All search modes (except -u/--url-prefix) can also be case-insensitive
using -i, --ignore-case.
# Searching multiple patterns at once
This command is also able to search for multiple patterns at once.
To do so, you must give a text file with one pattern per line to the --patterns
flag, or a CSV file containing a column of to indicate using --pattern-column.
One pattern per line of text file:
$ xan search --patterns patterns.txt file.csv > matches.csv
CSV column containing patterns:
$ xan search --patterns people.csv --pattern-column name tweets.csv > matches.csv
Feeding patterns through stdin (using \"-\"):
$ cat patterns.txt | xan search --patterns - file.csv > matches.csv
Feeding CSV column as patterns through stdin (using \"-\"):
$ xan slice -l 10 people.csv | xan search --patterns - --pattern-column name file.csv > matches.csv
# Further than just filtering
Now this command is also able to perform search-adjacent operations:
- Replacing matches with -R/--replace or --replacement-column
- Reporting the total number of matches in a new column with -c/--count
- Reporting a breakdown of number of matches per query given through --patterns
with -B/--breakdown.
- Reporting unique matches of multiple queries given through --patterns
using -U/--unique-matches.
For instance:
Reporting number of matches:
$ xan search -s headline -i france -c france_count file.csv
Cleaning thousands separators (usually commas \",\" in English) from numerical columns:
$ xan search , --replace . -s 'count_*' file.csv
Replacing color names to their French counterpart:
$ echo 'english,french\\nred,rouge\\ngreen,vert' | \\
$ xan search -e \\
$ --patterns - --pattern-column english --replacement-column french \\
$ -s color file.csv > translated.csv
Computing a breakdown of matches per query:
$ xan search -B -s headline --patterns queries.csv \\
$ --pattern-column query --name-column name file.csv > breakdown.csv
Reporting unique matches per query in a new column:
$ xan search -U matches -s headline,text --patterns queries.csv \\
$ --pattern-column query --name-column name file.csv > matches.csv
# Regarding parallelization
Finally, this command can leverage multithreading to run faster using
the -p/--parallel or -t/--threads flags. This said, the boost given by
parallelization might differ a lot and depends on the complexity and number of
queries and also on the size of the haystacks.

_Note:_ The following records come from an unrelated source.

(* For each $t\in\{0,1,\dots,T\}$ and every state $(\bm{x},k)=((x_1,\dots,x_N),k)\in\mathbb{Z}^N\times\mathbb{N}_0$, $$V^N_t(\bm{x},k)=\sum_{i=1}^N\tilde V^{N,i}_t(x_i,k).$$
   Context: Spare parts setting. Fix integers $N\ge1$, $T\ge1$, reals $\alpha_0,\beta_0>0$, and for each $i\in\mathcal{N}=\{1,\dots,N\}$ unit costs $c_v^i,c_h^i,c_b^i>0$ (transportation, holding, backorder) with $c_b^i>c_v^i$. $\mathbb{N}_0=\{0,1,2,\dots\}$, $y^+=\max(y,0)$. For real $r>0$ and $p\in(0,1)$, $NB(r,p)$ is the distribution on $\mathbb{N}_0$ with $P(n)=\frac{\Gamma(n+r)}{\Gamma(r)n!}p^r(1-p)^n$; $NB(0,p)$ is the point mass at $0$. For $t\in\{0,\dots,T\}$ let $p_t=\frac{\beta_0+Nt}{\beta_0+Nt+1}$. At epoch $t$ and statistic $k$ let $Z\sim NB(\alpha_0+k,p_t)$, $K\sim NB((N-1)(\alpha_0+k),p_t)$ independent, and set $C_i(a,x,k)=c_v^i(a-x)+c_h^i\mathbb{E}[(a-Z)^+]+c_b^i\mathbb{E}[(Z-a)^+]$ for integers $a\ge x$. Original MDP: state $(\bm{x},k)\in\mathbb{Z}^N\times\mathbb{N}_0$ ($x_i$ = net inventory of warehouse $i$, $k$ = total demand observed); actions $\bm{a}\in\mathbb{Z}^N$ with $a_i\ge x_i$; $V^N_T\equiv0$ and for $t=T-1,\dots,0$: $V^N_t(\bm{x},k)=\min_{\bm{a}}\{\sum_iC_i(a_i,x_i,k)+\mathbb{E}[V^N_{t+1}(\bm{a}-\bm{Z},k+\sum_iZ_i)]\}$, with $Z_1,\dots,Z_N$ i.i.d. $NB(\alpha_0+k,p_t)$. Alternative MDP: $\tilde V^{N,i}_T\equiv0$ and for $t=T-1,\dots,0$, $(x,k)\in\mathbb{Z}\times\mathbb{N}_0$: $\tilde V^{N,i}_t(x,k)=\min_{a\in\mathbb{Z},a\ge x}\{C_i(a,x,k)+\mathbb{E}[\tilde V^{N,i}_{t+1}(a-Z,k+Z+K)]\}$. *)

theory Defs
  imports "HOL-Analysis.Analysis"
begin
(* Let $q$ be a prime power and $k\ge3$, $h$ integers with $2\le h\le q$, and $1\le u_0<u_1\le\dots\le u_h$ integers. Let $U_0,U_1,\dots,U_h$ be subspaces of $\mathbf F_q^k$ of dimensions $u_0,u_1,\dots,u_h$ with $U_i\cap U_j=U_0$ for all distinct $i,j\in\{1,\dots,h\}$, and assume $q^k-q^{k-1}>q^{u_0}-1+\sum_{i=1}^h(q^{u_i}-q^{u_0})$. Let $U$ be the set of nonzero vectors of $\mathbf F_q^k$ not in $U_1\cup\dots\cup U_h$, let $\widetilde G$ be a matrix whose columns consist of exactly one representative of each class $\{\lambda\mathbf v:\lambda\in\mathbf F_q^*\}$, $\mathbf v\in U$, and let $\mathbf C$ be the linear code with generator matrix $\widetilde G$. If $u_1>(h-1)\frac{q^{u_0}-1}{q-1}$, then $\mathbf C$ is distance optimal.
   Context: A linear $[n,k,d]_q$ code is distance optimal if no linear $[n,k,d+1]_q$ code exists. *)

theory Defs
  imports Complex_Main "HOL-Library.Function_Algebras"
begin

text \<open>Vectors over a field 'a are modelled as functions nat \<Rightarrow> 'a; the space
  F_q^n is the set of such functions supported in the coordinates 0..n-1.\<close>

definition fvec :: "nat \<Rightarrow> (nat \<Rightarrow> 'a::zero) set" where
  "fvec n = {v. \<forall>i\<ge>n. v i = 0}"

definition fscale :: "'a::field \<Rightarrow> (nat \<Rightarrow> 'a) \<Rightarrow> (nat \<Rightarrow> 'a)" where
  "fscale c v = (\<lambda>i. c * v i)"
text \<open>The cubic parts \<open>X\<^sup>3 - c\<^sub>6X\<^sup>2Y\<close>, \<open>XY\<^sup>2 - c\<^sub>8X\<^sup>2Y\<close>, \<open>Y\<^sup>3 - c\<^sub>9X\<^sup>2Y\<close> of the kernel generators all
  vanish at \<open>(c\<^sub>6, 1)\<close> exactly in the degenerate case.\<close>

lemma cubic_at_kernel:
  assumes b: "pXY_zero \<beta> b"
  shows "(\<Sum>k<10. b k * cubic_at (coef 6 7) k) = 0"
proof -
  have "b 7 = (\<Sum>j\<in>{6, 8, 9}. b j * kernel_gen j 7)"
    using kernel_expansion[OF b, of 7, unfolded nonbasic_B2] by simp
  then have "b 7 = - b 6 * coef 6 7 - b 8 * coef 8 7 - b 9 * coef 9 7"
    unfolding kernel_gen_def by simp
  with degenerate show ?thesis
    unfolding sum_cubic_at by algebra
qed

definition mass :: "real \<times> real \<Rightarrow> real" where
  "mass q = (\<Sum>k<10. lagrange q k * cubic_at (coef 6 7) k)"

lemma mass_moment:
  assumes "u + v \<le> 3"
  shows "(\<Sum>q\<in>variety \<beta>. mass q * fst q ^ u * snd q ^ v) = (if u + v = 3 then coef 6 7 ^ u else 0)"
proof -
  obtain k where k: "k < 10" "mons ! k = (u, v)"
    using mons_exhaust[OF assms] .
  have "peval (\<lambda>k'. if k' = k then 1 else 0) q = mon k q" for q
    using k(1) by (simp add: peval_eq_sum_mon sum_unit_mult)
  then have "cubic_at (coef 6 7) k = (\<Sum>q\<in>variety \<beta>. mon k q * mass q)"
    using functional_eq_point_sum[OF cubic_at_kernel, of "\<lambda>k'. if k' = k then 1 else 0",
        folded mass_def] k(1)
    by (simp add: sum_unit_mult)
  moreover have "fst (mons ! k) = u" "snd (mons ! k) = v"
    using k(2) by simp_all
  ultimately show ?thesis
    by (simp add: cubic_at_def mon_def ac_simps cong: if_cong)
qed

lemma mass_line_moment:
  assumes "u + v \<le> 2"
  shows "(\<Sum>p\<in>variety \<beta>. mass p * (fst p - coef 6 7 * snd p - c) * fst p ^ u * snd p ^ v) = 0"
proof -
  let ?V = "variety \<beta>"
  have "(\<Sum>p\<in>?V. mass p * (fst p - coef 6 7 * snd p - c) * fst p ^ u * snd p ^ v)
      = (\<Sum>p\<in>?V. mass p * fst p ^ Suc u * snd p ^ v)
        - coef 6 7 * (\<Sum>p\<in>?V. mass p * fst p ^ u * snd p ^ Suc v)
        - c * (\<Sum>p\<in>?V. mass p * fst p ^ u * snd p ^ v)"
    by (simp add: algebra_simps sum_subtractf sum_distrib_left sum_distrib_right sum.distrib)
  also have "\<dots> = 0"
    using assms mass_moment[of "Suc u" v] mass_moment[of u "Suc v"] mass_moment[of u v] by simp
  finally show ?thesis .
qed

text \<open>Both \<open>mass\<close> and \<open>mass \<cdot> (x - c\<^sub>6y - c)\<close> annihilate the quadratic monomials, and only \<open>mass\<close>
  sees \<open>X\<^sup>2Y\<close>; as the basis monomials separate functions on the variety, the second is a multiple
  of the first.\<close>

lemma mass_line_proportional:
  obtains s where "\<forall>p\<in>variety \<beta>. coef 6 7 ^ 2 * (mass p * (fst p - coef 6 7 * snd p - c)) = s * mass p"
proof -
  let ?t = "coef 6 7" and ?V = "variety \<beta>"
  define \<nu> where "\<nu> p = mass p * (fst p - ?t * snd p - c)" for p
  define s where "s = (\<Sum>p\<in>?V. \<nu> p * mon 7 p)"
  define z where "z p = ?t\<^sup>2 * \<nu> p - s * mass p" for p
  have "(\<Sum>p\<in>?V. z p * mon k p) = 0" if "k \<in> B2" for k
  proof -
    have split: "(\<Sum>p\<in>?V. z p * mon k p)
        = ?t\<^sup>2 * (\<Sum>p\<in>?V. \<nu> p * mon k p) - s * (\<Sum>p\<in>?V. mass p * mon k p)"
      by (simp add: z_def algebra_simps sum_subtractf sum_distrib_left sum_distrib_right)
    show ?thesis
    proof (cases "k = 7")
      case True
      then show ?thesis
        unfolding split using mass_moment[of 2 1] by (simp add: s_def mon_def mons_nth mult.assoc)
    next
      case False
      with \<open>k \<in> B2\<close> have "fst (mons ! k) + snd (mons ! k) \<le> 2"
        by (auto simp: mons_nth)
      then show ?thesis
        unfolding split using mass_line_moment mass_moment by (simp add: \<nu>_def mon_def mult.assoc)
    qed
  qed
  then have "z p = 0" if "p \<in> ?V" for p
    using eq_0_if_orthogonal_B2 that by blast
  then show ?thesis
    using that[of s] by (simp add: z_def \<nu>_def)
qed

lemma mass_on_line:
  assumes q0: "q0 \<in> variety \<beta>" "mass q0 \<noteq> 0" and q: "q \<in> variety \<beta>" "mass q \<noteq> 0"
  shows "q = (coef 6 7 * snd q + (fst q0 - coef 6 7 * snd q0), snd q)"
proof -
  let ?t = "coef 6 7"
  obtain s where s: "\<forall>p\<in>variety \<beta>.
      ?t ^ 2 * (mass p * (fst p - ?t * snd p - (fst q0 - ?t * snd q0))) = s * mass p"
    by (rule mass_line_proportional)
  have "s * mass q0 = 0"
    using bspec[OF s q0(1)] by simp
  with q0(2) have "s = 0"
    by simp
  moreover have "?t \<noteq> 0"
    using degenerate(1) by auto
  ultimately have "fst q - ?t * snd q = fst q0 - ?t * snd q0"
    using bspec[OF s q(1)] q(2) by simp
  then show ?thesis
    by (simp add: prod_eq_iff algebra_simps)
qed

lemma mass_support_three_ordinates:
  obtains q0 q1 q2 where "q0 \<in> variety \<beta>" "q1 \<in> variety \<beta>" "q2 \<in> variety \<beta>"
    and "mass q0 \<noteq> 0" "mass q1 \<noteq> 0" "mass q2 \<noteq> 0"
    and "snd q0 \<noteq> snd q1" "snd q0 \<noteq> snd q2" "snd q1 \<noteq> snd q2"
proof -
  let ?V = "variety \<beta>"
  have "(\<Sum>q\<in>?V. mass q * snd q ^ 3) = 1" "(\<Sum>q\<in>?V. mass q * snd q) = 0" "(\<Sum>q\<in>?V. mass q) = 0"
    using mass_moment[of 0 3] mass_moment[of 0 1] mass_moment[of 0 0] by simp_all
  note moments = this
  obtain q0 where q0: "q0 \<in> ?V" "mass q0 \<noteq> 0"
    using moments(1) by (metis (no_types, lifting) mult_eq_0_iff sum.neutral zero_neq_one)
  obtain q1 where q1: "q1 \<in> ?V" "q1 \<noteq> q0" "mass q1 \<noteq> 0"
    using exists_other_nonzero[OF finite_variety q0(1) moments(3) q0(2)] by blast
  have y01: "snd q0 \<noteq> snd q1"
    using mass_on_line[OF q0 q0] mass_on_line[OF q0 q1(1,3)] q1(2) by metis
  define f where "f q = mass q * (snd q - snd q1)" for q
  have "sum f ?V = (\<Sum>q\<in>?V. mass q * snd q) - snd q1 * (\<Sum>q\<in>?V. mass q)"
    by (simp add: f_def algebra_simps sum_subtractf sum_distrib_left)
  then have "sum f ?V = 0"
    using moments by simp
  moreover have "f q0 \<noteq> 0"
    using q0 y01 by (simp add: f_def)
  ultimately obtain q2 where q2: "q2 \<in> ?V" "q2 \<noteq> q0" "f q2 \<noteq> 0"
    using exists_other_nonzero[OF finite_variety q0(1)] by blast
  then have "mass q2 \<noteq> 0" "snd q1 \<noteq> snd q2"
    by (auto simp: f_def)
  moreover have "snd q0 \<noteq> snd q2"
    using mass_on_line[OF q0 q0] mass_on_line[OF q0 q2(1) \<open>mass q2 \<noteq> 0\<close>] q2(2) by metis
  ultimately show ?thesis
    using that q0 q1 q2 y01 by blast
qed

text \<open>Three points of the variety lie on a line of direction \<open>(c\<^sub>6, 1)\<close>. Every kernel polynomial
  restricted to that line is at most quadratic, so it vanishes on the whole line, which would make
  the variety infinite.\<close>

lemma degenerate_impossible: False
proof -
  let ?t = "coef 6 7"
  obtain q0 q1 q2 where q: "q0 \<in> variety \<beta>" "q1 \<in> variety \<beta>" "q2 \<in> variety \<beta>"
    and mass: "mass q0 \<noteq> 0" "mass q1 \<noteq> 0" "mass q2 \<noteq> 0"
    and distinct: "snd q0 \<noteq> snd q1" "snd q0 \<noteq> snd q2" "snd q1 \<noteq> snd q2"
    by (rule mass_support_three_ordinates)
  define c where "c = fst q0 - ?t * snd q0"
  have on_variety: "\<forall>y\<in>{snd q0, snd q1, snd q2}. (?t * y + c, y) \<in> variety \<beta>"
    using mass_on_line[OF q(1) mass(1)] q mass unfolding c_def by (metis empty_iff insert_iff)
  have "(?t * s + c, s) \<in> variety \<beta>" for s
    unfolding variety_def
  proof (intro InterI, safe)
    fix b assume b: "pXY_zero \<beta> b"
    obtain e0 e1 e2 where e: "\<And>s. peval b (?t * s + c, s) = e0 + e1 * s + e2 * s\<^sup>2"
      using peval_on_line[of b ?t c] cubic_at_kernel[OF b] by auto
    have "\<forall>y\<in>{snd q0, snd q1, snd q2}. e0 + e1 * y + e2 * y\<^sup>2 = 0"
      using on_variety peval_eq_0_if_in_variety[OF b] e by metis
    then have "e0 = 0 \<and> e1 = 0 \<and> e2 = 0"
      using quadratic_eq_0_if_three_roots distinct by blast
    then show "peval b (?t * s + c, s) = 0"
      using e[of s] by simp
  qed
  then have "range (\<lambda>s. (?t * s + c, s)) \<subseteq> variety \<beta>"
    by auto
  then have "finite (range (\<lambda>s::real. (?t * s + c, s)))"
    using finite_variety finite_subset by blast
  moreover have "inj (\<lambda>s::real. (?t * s + c, s))"
    by (auto intro: injI)
  ultimately show False
    using finite_imageD infinite_UNIV_char_0 by blast
qed
lemma lam_inv_M_lam: "a \<in> carrier A \<Longrightarrow> x \<in> carrier A \<Longrightarrow> lam (inv\<^bsub>M\<^esub> a) (lam a x) = x"
  using lam_mult[of "inv\<^bsub>M\<^esub> a" a x] lam_one by simp

lemma lam_lam_inv_M: "a \<in> carrier A \<Longrightarrow> x \<in> carrier A \<Longrightarrow> lam a (lam (inv\<^bsub>M\<^esub> a) x) = x"
  using lam_mult[of a "inv\<^bsub>M\<^esub> a" x] lam_one by simp

lemma ideal_normal_A: "brace_ideal A M I \<Longrightarrow> I \<lhd> A"
  unfolding brace_ideal_def by blast

lemma ideal_normal_M: "brace_ideal A M I \<Longrightarrow> I \<lhd> M"
  unfolding brace_ideal_def by blast

lemma ideal_subgroup_A: "brace_ideal A M I \<Longrightarrow> subgroup I A"
  unfolding brace_ideal_def subbrace_def by blast

lemma ideal_subgroup_M: "brace_ideal A M I \<Longrightarrow> subgroup I M"
  unfolding brace_ideal_def subbrace_def by blast

lemma ideal_subset: "brace_ideal A M I \<Longrightarrow> I \<subseteq> carrier A"
  using ideal_subgroup_A subgroup.subset by blast

lemma ideal_lam_closed: "brace_ideal A M I \<Longrightarrow> b \<in> carrier A \<Longrightarrow> x \<in> I \<Longrightarrow> lam b x \<in> I"
  unfolding brace_ideal_def by blast

lemma set_mult_ideal_eq:
  assumes S: "S \<subseteq> carrier A" and I: "brace_ideal A M I"
  shows "S <#>\<^bsub>A\<^esub> I = S <#>\<^bsub>M\<^esub> I"
proof
  show "S <#>\<^bsub>A\<^esub> I \<subseteq> S <#>\<^bsub>M\<^esub> I"
  proof
    fix z assume "z \<in> S <#>\<^bsub>A\<^esub> I"
    then obtain s i where si: "s \<in> S" "i \<in> I" "z = s \<otimes>\<^bsub>A\<^esub> i" unfolding set_mult_def by blast
    have s: "s \<in> carrier A" and i: "i \<in> carrier A" using si S ideal_subset[OF I] by auto
    have "z = s \<otimes>\<^bsub>M\<^esub> lam (inv\<^bsub>M\<^esub> s) i"
      using si s i mult_eq_add_lam lam_lam_inv_M by simp
    moreover have "lam (inv\<^bsub>M\<^esub> s) i \<in> I" using ideal_lam_closed[OF I] s si(2) by simp
    ultimately show "z \<in> S <#>\<^bsub>M\<^esub> I" using si(1) unfolding set_mult_def by blast
  qed
  show "S <#>\<^bsub>M\<^esub> I \<subseteq> S <#>\<^bsub>A\<^esub> I"
  proof
    fix z assume "z \<in> S <#>\<^bsub>M\<^esub> I"
    then obtain s i where si: "s \<in> S" "i \<in> I" "z = s \<otimes>\<^bsub>M\<^esub> i" unfolding set_mult_def by blast
    have s: "s \<in> carrier A" and i: "i \<in> carrier A" using si S ideal_subset[OF I] by auto
    have "z = s \<otimes>\<^bsub>A\<^esub> lam s i" using si s i mult_eq_add_lam by simp
    moreover have "lam s i \<in> I" using ideal_lam_closed[OF I s si(2)] .
    ultimately show "z \<in> S <#>\<^bsub>A\<^esub> I" using si(1) unfolding set_mult_def by blast
  qed
qed

lemma ideal_rcos_eq:
  assumes I: "brace_ideal A M I" and a: "a \<in> carrier A"
  shows "I #>\<^bsub>A\<^esub> a = I #>\<^bsub>M\<^esub> a"
proof -
  have "I #>\<^bsub>A\<^esub> a = {a} <#>\<^bsub>A\<^esub> I"
    using normal.coset_eq[OF ideal_normal_A[OF I]] a by (simp add: l_coset_eq_set_mult)
  also have "\<dots> = {a} <#>\<^bsub>M\<^esub> I" using set_mult_ideal_eq[OF _ I] a by simp
  also have "\<dots> = I #>\<^bsub>M\<^esub> a"
    using normal.coset_eq[OF ideal_normal_M[OF I]] a by (simp add: l_coset_eq_set_mult)
  finally show ?thesis .
qed

lemma subbrace_set_mult_ideal:
  assumes C: "subbrace A M C" and I: "brace_ideal A M I"
  shows "subbrace A M (C <#>\<^bsub>A\<^esub> I)"
proof -
  have C_A: "subgroup C A" and C_M: "subgroup C M" using C unfolding subbrace_def by auto
  have "subgroup (C <#>\<^bsub>A\<^esub> I) A"
    using A.mult_norm_subgroup[OF ideal_normal_A[OF I] C_A] A.commut_normal[OF C_A ideal_normal_A[OF I]]
    by simp
  moreover have "subgroup (C <#>\<^bsub>M\<^esub> I) M"
    using M.mult_norm_subgroup[OF ideal_normal_M[OF I] C_M] M.commut_normal[OF C_M ideal_normal_M[OF I]]
    by simp
  ultimately show ?thesis
    unfolding subbrace_def using set_mult_ideal_eq[OF subgroup.subset[OF C_A] I] by simp
qed

lemma subgroup_M_if_lam_closed:
  assumes J: "subgroup J A" and lam_J: "\<And>b x. b \<in> carrier A \<Longrightarrow> x \<in> J \<Longrightarrow> lam b x \<in> J"
  shows "subgroup J M"
proof (rule M.subgroupI)
  have J_carrier: "J \<subseteq> carrier A" using subgroup.subset[OF J] .
  then show "J \<subseteq> carrier M" by simp
  show "J \<noteq> {}" using subgroup.one_closed[OF J] by blast
  show "a \<otimes>\<^bsub>M\<^esub> b \<in> J" if "a \<in> J" "b \<in> J" for a b
    using that J_carrier mult_eq_add_lam lam_J subgroup.m_closed[OF J] by (metis subsetD)
  show "inv\<^bsub>M\<^esub> a \<in> J" if a_J: "a \<in> J" for a
  proof -
    have a: "a \<in> carrier A" using a_J J_carrier by blast
    have "lam a (inv\<^bsub>M\<^esub> a) = inv\<^bsub>A\<^esub> a"
      unfolding brace_lambda_def using a by simp
    then have "inv\<^bsub>M\<^esub> a = lam (inv\<^bsub>M\<^esub> a) (inv\<^bsub>A\<^esub> a)"
      using lam_inv_M_lam[OF a inv_M_closed[OF a]] by simp
    then show ?thesis
      using lam_J[OF inv_M_closed[OF a] subgroup.m_inv_closed[OF J a_J]] by simp
  qed
qed

lemma socle_coset_mult_eq_add:
  assumes I: "brace_ideal A M I" and y: "y \<in> carrier A" and b: "b \<in> carrier A"
    and soc: "I #>\<^bsub>A\<^esub> y \<in> brace_socle (A Mod I) (M Mod I)"
  shows "I #>\<^bsub>A\<^esub> (y \<otimes>\<^bsub>M\<^esub> b) = I #>\<^bsub>A\<^esub> (y \<otimes>\<^bsub>A\<^esub> b)"
proof -
  interpret Q: group "A Mod I" using normal.factorgroup_is_group[OF ideal_normal_A[OF I]] .
  have rcos_A: "(I #>\<^bsub>A\<^esub> a) \<otimes>\<^bsub>A Mod I\<^esub> (I #>\<^bsub>A\<^esub> c) = I #>\<^bsub>A\<^esub> (a \<otimes>\<^bsub>A\<^esub> c)"
    if "a \<in> carrier A" "c \<in> carrier A" for a c
    using normal.rcos_sum[OF ideal_normal_A[OF I]] that by simp
  have "(I #>\<^bsub>A\<^esub> y) \<otimes>\<^bsub>M Mod I\<^esub> (I #>\<^bsub>A\<^esub> b) = I #>\<^bsub>A\<^esub> (y \<otimes>\<^bsub>M\<^esub> b)"
    using normal.rcos_sum[OF ideal_normal_M[OF I]] ideal_rcos_eq[OF I] y b by simp
  moreover have "brace_lambda (A Mod I) (M Mod I) (I #>\<^bsub>A\<^esub> y) (I #>\<^bsub>A\<^esub> b) = I #>\<^bsub>A\<^esub> b"
    using soc b unfolding brace_socle_def by (simp add: carrier_FactGroup)
  ultimately have "inv\<^bsub>A Mod I\<^esub> (I #>\<^bsub>A\<^esub> y) \<otimes>\<^bsub>A Mod I\<^esub> (I #>\<^bsub>A\<^esub> (y \<otimes>\<^bsub>M\<^esub> b))
      = I #>\<^bsub>A\<^esub> b"
    unfolding brace_lambda_def by simp
  moreover have "I #>\<^bsub>A\<^esub> a \<in> carrier (A Mod I)" if "a \<in> carrier A" for a
    using that by (simp add: carrier_FactGroup)
  ultimately have "I #>\<^bsub>A\<^esub> (y \<otimes>\<^bsub>M\<^esub> b) = (I #>\<^bsub>A\<^esub> y) \<otimes>\<^bsub>A Mod I\<^esub> (I #>\<^bsub>A\<^esub> b)"
    using Q.inv_solve_left y b by (metis mult_M_closed)
  then show ?thesis using rcos_A y b by simp
qed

That is to say `xan search --empty`
would not be significantly faster when parallelized whereas `xan search -i eternity`
definitely would.
Also, you might want to try `xan parallel cat` instead because it could be
faster in some scenarios at the cost of an increase in memory usage (and it
won't work on streams and unindexed gzipped data).
For instance, the following `search` command:
$ xan search -i eternity -p file.csv
Would directly translate to:
$ xan parallel cat -P 'search -i eternity' -F file.csv
Usage:
xan search [options] --non-empty [<input>]
xan search [options] --empty [<input>]
xan search [options] --patterns <index> [<input>]
xan search [options] <pattern> [<input>]
xan search --help
search mode options:
-e, --exact Perform an exact match.
-r, --regex Use a regex to perform the match.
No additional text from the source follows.